## WHAT THE TASK ASKS
Which of the lines in the data mention the string "intro"? List them all.

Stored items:
__________________________________________________

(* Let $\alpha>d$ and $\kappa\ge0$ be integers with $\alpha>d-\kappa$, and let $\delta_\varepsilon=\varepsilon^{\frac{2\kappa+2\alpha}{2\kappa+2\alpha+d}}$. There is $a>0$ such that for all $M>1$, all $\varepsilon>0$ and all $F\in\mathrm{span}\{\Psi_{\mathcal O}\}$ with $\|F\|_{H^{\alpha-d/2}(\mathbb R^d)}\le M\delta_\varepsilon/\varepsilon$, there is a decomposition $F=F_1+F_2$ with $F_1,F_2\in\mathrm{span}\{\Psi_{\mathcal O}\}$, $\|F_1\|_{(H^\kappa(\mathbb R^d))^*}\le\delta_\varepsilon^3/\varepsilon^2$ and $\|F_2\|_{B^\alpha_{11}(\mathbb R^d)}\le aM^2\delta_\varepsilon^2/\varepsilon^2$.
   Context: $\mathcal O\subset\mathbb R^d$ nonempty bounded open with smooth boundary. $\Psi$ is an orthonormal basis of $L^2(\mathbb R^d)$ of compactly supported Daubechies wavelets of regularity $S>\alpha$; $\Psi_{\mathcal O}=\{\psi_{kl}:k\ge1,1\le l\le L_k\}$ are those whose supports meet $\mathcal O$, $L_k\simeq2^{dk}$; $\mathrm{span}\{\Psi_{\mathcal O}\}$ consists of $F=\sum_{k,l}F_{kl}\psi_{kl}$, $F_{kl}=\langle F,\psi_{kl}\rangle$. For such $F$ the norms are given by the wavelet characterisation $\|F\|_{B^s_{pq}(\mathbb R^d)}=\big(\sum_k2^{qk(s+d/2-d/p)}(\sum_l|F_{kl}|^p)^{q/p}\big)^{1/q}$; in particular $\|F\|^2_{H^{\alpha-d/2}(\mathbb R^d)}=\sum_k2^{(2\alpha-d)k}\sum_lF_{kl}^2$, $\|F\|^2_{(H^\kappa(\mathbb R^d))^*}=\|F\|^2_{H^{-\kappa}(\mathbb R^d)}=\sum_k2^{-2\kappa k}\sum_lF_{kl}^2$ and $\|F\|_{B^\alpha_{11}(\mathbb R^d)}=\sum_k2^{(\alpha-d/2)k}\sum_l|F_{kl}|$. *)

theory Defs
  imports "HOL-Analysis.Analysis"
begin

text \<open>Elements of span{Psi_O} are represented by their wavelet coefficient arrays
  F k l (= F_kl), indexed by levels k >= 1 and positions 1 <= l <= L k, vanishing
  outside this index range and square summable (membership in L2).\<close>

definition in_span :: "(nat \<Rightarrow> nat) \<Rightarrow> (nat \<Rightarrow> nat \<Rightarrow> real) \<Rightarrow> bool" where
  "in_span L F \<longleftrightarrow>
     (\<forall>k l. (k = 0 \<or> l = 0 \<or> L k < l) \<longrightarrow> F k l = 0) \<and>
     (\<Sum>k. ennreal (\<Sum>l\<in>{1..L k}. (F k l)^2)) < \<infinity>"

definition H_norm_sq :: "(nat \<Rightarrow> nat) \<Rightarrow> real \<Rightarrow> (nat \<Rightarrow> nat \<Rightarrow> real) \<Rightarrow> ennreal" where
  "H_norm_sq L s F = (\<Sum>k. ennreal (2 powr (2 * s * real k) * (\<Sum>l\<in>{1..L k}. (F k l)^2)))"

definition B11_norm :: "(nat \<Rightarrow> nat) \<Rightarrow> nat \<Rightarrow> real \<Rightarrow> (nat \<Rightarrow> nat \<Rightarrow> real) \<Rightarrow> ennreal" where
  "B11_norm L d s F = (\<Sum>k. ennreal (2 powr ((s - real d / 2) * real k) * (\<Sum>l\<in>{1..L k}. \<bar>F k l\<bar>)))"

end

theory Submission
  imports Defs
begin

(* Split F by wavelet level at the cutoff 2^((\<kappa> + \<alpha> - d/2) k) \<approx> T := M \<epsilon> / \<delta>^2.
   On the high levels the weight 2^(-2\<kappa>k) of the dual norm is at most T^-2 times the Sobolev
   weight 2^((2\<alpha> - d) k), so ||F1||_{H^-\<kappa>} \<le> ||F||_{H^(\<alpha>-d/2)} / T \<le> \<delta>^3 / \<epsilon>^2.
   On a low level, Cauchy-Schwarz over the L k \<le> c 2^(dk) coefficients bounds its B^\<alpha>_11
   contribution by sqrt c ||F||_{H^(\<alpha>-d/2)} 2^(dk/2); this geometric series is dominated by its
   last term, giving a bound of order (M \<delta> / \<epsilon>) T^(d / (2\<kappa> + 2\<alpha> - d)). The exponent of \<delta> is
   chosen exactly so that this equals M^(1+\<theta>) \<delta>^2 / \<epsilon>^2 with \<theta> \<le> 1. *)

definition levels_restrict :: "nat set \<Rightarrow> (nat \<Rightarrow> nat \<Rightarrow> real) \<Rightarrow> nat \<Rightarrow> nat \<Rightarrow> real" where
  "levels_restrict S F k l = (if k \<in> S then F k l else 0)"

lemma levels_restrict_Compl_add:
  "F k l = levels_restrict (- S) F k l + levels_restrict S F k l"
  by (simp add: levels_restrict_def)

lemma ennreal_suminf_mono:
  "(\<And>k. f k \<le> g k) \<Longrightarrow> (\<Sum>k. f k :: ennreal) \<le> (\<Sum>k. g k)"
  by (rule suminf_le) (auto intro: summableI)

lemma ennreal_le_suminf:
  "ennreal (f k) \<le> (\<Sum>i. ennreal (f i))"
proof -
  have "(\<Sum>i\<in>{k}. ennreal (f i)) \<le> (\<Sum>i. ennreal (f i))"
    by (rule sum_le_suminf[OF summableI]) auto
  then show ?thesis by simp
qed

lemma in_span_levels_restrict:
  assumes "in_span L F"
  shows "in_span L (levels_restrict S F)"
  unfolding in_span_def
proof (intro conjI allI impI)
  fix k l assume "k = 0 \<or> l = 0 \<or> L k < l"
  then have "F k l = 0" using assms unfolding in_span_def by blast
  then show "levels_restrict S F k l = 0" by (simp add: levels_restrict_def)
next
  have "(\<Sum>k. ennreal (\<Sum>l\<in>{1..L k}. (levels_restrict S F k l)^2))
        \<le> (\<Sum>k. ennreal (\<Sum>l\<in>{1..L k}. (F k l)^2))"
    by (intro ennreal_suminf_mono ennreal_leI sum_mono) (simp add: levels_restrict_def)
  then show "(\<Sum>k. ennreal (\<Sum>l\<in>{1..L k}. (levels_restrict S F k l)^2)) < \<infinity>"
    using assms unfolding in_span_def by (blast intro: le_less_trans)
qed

__________________________________________________

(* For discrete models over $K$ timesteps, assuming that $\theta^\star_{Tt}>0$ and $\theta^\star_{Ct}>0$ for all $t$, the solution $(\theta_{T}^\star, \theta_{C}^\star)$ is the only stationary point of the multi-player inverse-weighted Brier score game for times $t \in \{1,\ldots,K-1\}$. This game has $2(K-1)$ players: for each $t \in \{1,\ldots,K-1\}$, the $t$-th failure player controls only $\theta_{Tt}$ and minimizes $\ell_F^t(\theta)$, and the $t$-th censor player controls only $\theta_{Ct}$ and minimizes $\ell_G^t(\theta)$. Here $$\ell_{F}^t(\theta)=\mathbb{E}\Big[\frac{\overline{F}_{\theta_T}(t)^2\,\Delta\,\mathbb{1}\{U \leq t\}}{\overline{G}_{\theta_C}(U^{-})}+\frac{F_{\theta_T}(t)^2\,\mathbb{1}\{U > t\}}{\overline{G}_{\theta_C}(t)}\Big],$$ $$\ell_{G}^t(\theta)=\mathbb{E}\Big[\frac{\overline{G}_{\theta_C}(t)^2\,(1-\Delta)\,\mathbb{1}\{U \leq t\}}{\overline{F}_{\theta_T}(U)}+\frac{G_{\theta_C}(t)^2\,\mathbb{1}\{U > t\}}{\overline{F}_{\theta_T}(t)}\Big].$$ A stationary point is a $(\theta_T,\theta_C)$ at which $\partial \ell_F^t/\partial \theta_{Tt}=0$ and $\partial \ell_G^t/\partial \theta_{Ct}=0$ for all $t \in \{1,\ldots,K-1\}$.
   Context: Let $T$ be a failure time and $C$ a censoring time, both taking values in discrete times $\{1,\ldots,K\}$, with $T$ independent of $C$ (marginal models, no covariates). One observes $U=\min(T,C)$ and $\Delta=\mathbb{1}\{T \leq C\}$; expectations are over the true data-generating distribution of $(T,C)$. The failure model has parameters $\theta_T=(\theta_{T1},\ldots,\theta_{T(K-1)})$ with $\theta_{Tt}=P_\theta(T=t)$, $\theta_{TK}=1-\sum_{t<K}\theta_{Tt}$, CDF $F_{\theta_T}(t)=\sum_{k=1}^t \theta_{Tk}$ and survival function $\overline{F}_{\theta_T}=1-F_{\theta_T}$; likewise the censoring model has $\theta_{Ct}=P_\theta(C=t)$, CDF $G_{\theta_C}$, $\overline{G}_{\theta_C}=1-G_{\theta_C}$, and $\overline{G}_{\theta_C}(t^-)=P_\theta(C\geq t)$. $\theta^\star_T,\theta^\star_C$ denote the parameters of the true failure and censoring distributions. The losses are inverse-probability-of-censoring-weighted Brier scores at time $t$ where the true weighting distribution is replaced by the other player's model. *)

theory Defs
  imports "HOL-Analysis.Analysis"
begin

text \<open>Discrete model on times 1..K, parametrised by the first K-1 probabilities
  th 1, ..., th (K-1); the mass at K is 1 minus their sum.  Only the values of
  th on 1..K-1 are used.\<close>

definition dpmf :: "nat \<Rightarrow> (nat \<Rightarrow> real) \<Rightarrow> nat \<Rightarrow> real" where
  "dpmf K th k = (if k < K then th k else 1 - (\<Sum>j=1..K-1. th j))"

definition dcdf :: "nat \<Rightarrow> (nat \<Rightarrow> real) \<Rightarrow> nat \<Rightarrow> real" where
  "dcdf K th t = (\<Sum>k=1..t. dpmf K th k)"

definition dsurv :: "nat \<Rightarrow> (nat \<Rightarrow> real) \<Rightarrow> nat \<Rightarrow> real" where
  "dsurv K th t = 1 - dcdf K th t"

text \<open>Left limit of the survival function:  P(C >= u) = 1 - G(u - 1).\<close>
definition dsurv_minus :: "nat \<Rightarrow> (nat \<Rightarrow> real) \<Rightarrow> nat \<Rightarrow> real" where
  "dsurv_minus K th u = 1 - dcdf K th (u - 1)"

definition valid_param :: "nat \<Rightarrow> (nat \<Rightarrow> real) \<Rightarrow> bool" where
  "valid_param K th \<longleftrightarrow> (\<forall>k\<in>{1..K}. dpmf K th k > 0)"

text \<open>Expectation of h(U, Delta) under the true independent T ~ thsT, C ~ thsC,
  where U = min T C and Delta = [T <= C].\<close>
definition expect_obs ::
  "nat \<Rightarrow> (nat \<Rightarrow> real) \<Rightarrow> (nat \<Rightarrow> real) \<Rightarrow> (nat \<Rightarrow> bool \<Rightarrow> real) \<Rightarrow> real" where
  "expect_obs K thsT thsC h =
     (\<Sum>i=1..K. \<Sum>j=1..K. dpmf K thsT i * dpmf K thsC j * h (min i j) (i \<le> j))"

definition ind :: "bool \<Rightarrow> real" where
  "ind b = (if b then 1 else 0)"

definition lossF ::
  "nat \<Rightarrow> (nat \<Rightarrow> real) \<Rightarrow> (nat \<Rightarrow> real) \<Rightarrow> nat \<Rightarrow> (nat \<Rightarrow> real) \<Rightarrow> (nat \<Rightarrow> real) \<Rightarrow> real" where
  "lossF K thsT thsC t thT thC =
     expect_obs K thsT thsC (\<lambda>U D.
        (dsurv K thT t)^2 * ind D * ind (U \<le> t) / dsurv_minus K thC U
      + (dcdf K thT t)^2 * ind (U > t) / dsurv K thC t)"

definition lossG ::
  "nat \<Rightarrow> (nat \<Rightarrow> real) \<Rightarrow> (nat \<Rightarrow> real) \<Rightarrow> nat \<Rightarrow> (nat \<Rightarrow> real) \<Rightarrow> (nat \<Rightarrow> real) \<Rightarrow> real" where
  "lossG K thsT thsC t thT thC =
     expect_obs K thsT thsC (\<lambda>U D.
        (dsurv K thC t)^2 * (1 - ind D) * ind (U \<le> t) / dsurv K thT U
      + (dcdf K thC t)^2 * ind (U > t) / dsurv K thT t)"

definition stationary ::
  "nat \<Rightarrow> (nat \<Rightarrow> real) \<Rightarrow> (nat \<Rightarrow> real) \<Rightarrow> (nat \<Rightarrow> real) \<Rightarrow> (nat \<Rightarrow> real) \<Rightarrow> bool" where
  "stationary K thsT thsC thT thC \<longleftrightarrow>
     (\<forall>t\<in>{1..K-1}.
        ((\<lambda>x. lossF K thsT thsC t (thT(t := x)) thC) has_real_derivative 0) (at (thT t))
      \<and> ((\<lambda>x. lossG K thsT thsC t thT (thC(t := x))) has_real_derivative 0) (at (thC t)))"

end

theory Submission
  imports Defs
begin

__________________________________________________

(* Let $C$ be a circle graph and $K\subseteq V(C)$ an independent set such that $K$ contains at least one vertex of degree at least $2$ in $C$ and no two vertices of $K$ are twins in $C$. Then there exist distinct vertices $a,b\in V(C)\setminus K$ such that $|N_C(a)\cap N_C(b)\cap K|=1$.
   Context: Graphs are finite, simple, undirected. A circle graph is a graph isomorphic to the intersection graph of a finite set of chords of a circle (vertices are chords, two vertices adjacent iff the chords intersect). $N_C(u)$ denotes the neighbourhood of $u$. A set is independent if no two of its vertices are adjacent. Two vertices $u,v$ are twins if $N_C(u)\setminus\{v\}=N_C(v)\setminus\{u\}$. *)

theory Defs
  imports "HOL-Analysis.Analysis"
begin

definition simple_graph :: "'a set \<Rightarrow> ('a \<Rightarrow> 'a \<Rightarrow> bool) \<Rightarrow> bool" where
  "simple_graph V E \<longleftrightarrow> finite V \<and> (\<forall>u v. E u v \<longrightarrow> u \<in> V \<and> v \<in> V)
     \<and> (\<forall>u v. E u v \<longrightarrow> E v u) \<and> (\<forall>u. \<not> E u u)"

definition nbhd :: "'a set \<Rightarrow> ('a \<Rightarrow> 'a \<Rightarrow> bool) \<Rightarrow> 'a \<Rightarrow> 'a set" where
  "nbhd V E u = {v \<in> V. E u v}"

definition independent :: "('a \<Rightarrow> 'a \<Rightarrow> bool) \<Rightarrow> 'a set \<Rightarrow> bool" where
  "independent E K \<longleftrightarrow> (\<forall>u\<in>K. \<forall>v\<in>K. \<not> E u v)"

__________________________________________________

## FINISHED TASK
  by (rule suminf_le) (auto intro: summableI)
proof (intro conjI allI impI)
    by (intro ennreal_suminf_mono ennreal_leI sum_mono) (simp add: levels_restrict_def)
    using assms unfolding in_span_def by (blast intro: le_less_trans)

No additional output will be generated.